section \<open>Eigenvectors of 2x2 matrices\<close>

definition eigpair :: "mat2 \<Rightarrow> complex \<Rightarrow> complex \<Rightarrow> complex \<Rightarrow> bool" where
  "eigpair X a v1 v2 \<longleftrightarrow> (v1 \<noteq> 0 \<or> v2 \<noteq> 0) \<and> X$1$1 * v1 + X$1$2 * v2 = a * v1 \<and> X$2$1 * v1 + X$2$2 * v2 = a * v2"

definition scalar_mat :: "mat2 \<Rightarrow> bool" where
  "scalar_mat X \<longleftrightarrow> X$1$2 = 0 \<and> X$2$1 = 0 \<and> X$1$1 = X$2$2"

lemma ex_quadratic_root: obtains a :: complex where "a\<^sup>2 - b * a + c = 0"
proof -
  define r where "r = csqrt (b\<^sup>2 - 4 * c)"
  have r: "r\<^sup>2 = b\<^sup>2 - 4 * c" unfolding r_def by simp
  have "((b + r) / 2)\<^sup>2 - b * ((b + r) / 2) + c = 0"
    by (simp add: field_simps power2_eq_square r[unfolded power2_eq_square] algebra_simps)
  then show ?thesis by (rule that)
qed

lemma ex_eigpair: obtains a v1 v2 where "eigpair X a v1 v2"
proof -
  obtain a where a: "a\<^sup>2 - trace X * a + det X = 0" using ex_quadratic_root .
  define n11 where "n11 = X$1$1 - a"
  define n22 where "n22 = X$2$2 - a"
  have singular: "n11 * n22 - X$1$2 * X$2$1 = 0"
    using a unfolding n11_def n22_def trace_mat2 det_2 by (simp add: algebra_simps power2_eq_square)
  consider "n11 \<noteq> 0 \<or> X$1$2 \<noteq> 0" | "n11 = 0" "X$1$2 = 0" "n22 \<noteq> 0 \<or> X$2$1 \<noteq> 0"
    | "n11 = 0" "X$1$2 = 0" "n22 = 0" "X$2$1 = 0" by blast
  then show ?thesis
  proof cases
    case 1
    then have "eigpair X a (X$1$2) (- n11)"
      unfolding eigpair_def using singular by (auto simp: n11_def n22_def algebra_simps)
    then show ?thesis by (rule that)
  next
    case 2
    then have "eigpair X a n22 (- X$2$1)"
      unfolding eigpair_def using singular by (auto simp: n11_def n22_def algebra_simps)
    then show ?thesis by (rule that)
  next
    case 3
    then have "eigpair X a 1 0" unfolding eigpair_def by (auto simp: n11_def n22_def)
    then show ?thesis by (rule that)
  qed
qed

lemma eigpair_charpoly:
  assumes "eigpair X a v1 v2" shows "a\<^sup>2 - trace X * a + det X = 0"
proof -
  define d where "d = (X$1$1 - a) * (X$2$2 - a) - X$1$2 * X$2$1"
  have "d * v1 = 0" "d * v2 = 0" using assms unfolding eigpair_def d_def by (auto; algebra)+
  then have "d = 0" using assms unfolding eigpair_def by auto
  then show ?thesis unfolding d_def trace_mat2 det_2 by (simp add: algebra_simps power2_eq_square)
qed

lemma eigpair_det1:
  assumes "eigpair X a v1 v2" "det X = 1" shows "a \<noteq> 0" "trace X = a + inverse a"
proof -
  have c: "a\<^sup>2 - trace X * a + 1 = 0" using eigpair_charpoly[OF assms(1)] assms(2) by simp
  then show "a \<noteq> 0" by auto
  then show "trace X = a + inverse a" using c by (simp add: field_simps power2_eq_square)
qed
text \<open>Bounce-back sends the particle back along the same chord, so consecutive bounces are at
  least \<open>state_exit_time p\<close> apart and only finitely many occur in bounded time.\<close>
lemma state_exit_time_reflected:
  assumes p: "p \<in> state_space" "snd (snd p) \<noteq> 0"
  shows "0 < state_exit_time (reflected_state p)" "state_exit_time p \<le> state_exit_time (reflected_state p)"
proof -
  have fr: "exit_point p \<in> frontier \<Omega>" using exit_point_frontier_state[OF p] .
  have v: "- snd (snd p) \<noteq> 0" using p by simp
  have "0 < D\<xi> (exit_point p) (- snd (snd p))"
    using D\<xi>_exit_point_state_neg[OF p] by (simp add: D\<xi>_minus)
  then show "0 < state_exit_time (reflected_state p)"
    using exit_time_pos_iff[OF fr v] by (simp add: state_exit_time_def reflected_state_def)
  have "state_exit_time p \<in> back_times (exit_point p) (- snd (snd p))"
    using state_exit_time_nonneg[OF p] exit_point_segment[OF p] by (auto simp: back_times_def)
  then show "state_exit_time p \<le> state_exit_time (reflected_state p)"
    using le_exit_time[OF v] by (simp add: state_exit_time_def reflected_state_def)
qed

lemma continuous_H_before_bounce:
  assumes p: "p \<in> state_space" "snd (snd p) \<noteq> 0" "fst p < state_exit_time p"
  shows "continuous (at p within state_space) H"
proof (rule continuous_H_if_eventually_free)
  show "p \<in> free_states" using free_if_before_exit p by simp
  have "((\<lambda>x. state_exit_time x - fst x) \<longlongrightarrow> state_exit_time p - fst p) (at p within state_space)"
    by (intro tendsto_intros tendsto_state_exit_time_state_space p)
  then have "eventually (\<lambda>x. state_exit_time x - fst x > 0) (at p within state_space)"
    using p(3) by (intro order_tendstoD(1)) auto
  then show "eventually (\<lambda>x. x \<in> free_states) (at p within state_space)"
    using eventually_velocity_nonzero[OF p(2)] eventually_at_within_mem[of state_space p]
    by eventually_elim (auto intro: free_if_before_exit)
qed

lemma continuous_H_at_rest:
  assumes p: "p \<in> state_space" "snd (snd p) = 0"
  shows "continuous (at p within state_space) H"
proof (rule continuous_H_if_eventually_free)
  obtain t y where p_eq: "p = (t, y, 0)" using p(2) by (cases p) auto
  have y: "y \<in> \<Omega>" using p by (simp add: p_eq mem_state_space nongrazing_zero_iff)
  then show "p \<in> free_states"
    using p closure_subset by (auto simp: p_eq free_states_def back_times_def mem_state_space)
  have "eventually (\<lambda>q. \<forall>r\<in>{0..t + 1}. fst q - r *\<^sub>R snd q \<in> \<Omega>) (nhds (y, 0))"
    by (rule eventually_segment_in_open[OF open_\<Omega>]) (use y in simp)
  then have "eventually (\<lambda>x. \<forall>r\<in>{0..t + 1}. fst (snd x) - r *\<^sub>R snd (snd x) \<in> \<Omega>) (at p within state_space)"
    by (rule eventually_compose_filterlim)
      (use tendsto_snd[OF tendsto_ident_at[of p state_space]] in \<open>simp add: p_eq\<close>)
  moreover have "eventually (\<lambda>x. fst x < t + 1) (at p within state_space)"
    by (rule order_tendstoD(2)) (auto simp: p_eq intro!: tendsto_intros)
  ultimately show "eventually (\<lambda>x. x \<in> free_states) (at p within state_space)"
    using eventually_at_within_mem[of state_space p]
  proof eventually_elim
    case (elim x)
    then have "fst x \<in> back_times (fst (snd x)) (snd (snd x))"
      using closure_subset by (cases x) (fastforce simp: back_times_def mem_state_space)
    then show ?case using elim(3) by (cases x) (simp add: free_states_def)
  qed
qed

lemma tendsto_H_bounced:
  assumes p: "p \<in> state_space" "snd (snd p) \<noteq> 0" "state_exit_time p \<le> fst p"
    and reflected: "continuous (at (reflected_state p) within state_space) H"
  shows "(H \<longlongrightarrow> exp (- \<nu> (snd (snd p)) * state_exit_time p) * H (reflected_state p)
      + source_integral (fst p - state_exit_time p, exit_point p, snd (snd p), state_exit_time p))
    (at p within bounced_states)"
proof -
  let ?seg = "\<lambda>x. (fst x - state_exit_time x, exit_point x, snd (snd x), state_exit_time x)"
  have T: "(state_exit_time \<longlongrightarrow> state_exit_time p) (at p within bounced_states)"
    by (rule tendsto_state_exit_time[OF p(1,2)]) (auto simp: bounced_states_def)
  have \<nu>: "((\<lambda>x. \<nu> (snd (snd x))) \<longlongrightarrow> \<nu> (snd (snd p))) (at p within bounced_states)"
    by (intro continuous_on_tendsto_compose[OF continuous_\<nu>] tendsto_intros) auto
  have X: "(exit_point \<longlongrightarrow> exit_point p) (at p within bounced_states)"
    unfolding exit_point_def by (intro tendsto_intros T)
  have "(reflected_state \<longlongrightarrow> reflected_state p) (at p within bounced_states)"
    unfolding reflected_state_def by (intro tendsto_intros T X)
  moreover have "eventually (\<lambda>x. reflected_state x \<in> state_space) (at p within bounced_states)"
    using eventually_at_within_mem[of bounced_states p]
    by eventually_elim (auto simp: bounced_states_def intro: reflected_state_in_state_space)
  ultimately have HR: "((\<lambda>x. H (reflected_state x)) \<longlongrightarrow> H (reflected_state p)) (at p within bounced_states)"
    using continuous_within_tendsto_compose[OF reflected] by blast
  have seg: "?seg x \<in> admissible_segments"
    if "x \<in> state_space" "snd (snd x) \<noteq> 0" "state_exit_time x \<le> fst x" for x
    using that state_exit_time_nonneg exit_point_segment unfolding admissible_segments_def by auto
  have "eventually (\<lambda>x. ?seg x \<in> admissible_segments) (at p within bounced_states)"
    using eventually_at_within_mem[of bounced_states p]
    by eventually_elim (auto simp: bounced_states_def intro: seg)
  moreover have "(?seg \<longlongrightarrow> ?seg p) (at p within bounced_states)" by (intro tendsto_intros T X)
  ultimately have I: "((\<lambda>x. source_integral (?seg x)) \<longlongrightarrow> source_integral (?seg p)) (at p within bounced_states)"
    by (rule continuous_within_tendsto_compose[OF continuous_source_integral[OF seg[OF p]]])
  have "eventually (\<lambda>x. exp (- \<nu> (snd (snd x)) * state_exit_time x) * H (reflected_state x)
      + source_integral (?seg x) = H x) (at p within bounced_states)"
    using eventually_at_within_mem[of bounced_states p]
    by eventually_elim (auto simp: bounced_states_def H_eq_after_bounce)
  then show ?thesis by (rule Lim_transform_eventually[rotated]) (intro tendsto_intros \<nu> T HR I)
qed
------------------------------------
*Exercise prompt*:
Beginning with the line containing "obtain t y where" and ending with the line containing "using eventually_at_within_mem[of state_space", extract those lines exactly from the listing above, and only those.

*Result of the exercise*:
  obtain t y where p_eq: "p = (t, y, 0)" using p(2) by (cases p) auto
  have y: "y \<in> \<Omega>" using p by (simp add: p_eq mem_state_space nongrazing_zero_iff)
  then show "p \<in> free_states"
    using p closure_subset by (auto simp: p_eq free_states_def back_times_def mem_state_space)
  have "eventually (\<lambda>q. \<forall>r\<in>{0..t + 1}. fst q - r *\<^sub>R snd q \<in> \<Omega>) (nhds (y, 0))"
    by (rule eventually_segment_in_open[OF open_\<Omega>]) (use y in simp)
  then have "eventually (\<lambda>x. \<forall>r\<in>{0..t + 1}. fst (snd x) - r *\<^sub>R snd (snd x) \<in> \<Omega>) (at p within state_space)"
    by (rule eventually_compose_filterlim)
      (use tendsto_snd[OF tendsto_ident_at[of p state_space]] in \<open>simp add: p_eq\<close>)
  moreover have "eventually (\<lambda>x. fst x < t + 1) (at p within state_space)"
    by (rule order_tendstoD(2)) (auto simp: p_eq intro!: tendsto_intros)
  ultimately show "eventually (\<lambda>x. x \<in> free_states) (at p within state_space)"
    using eventually_at_within_mem[of state_space p]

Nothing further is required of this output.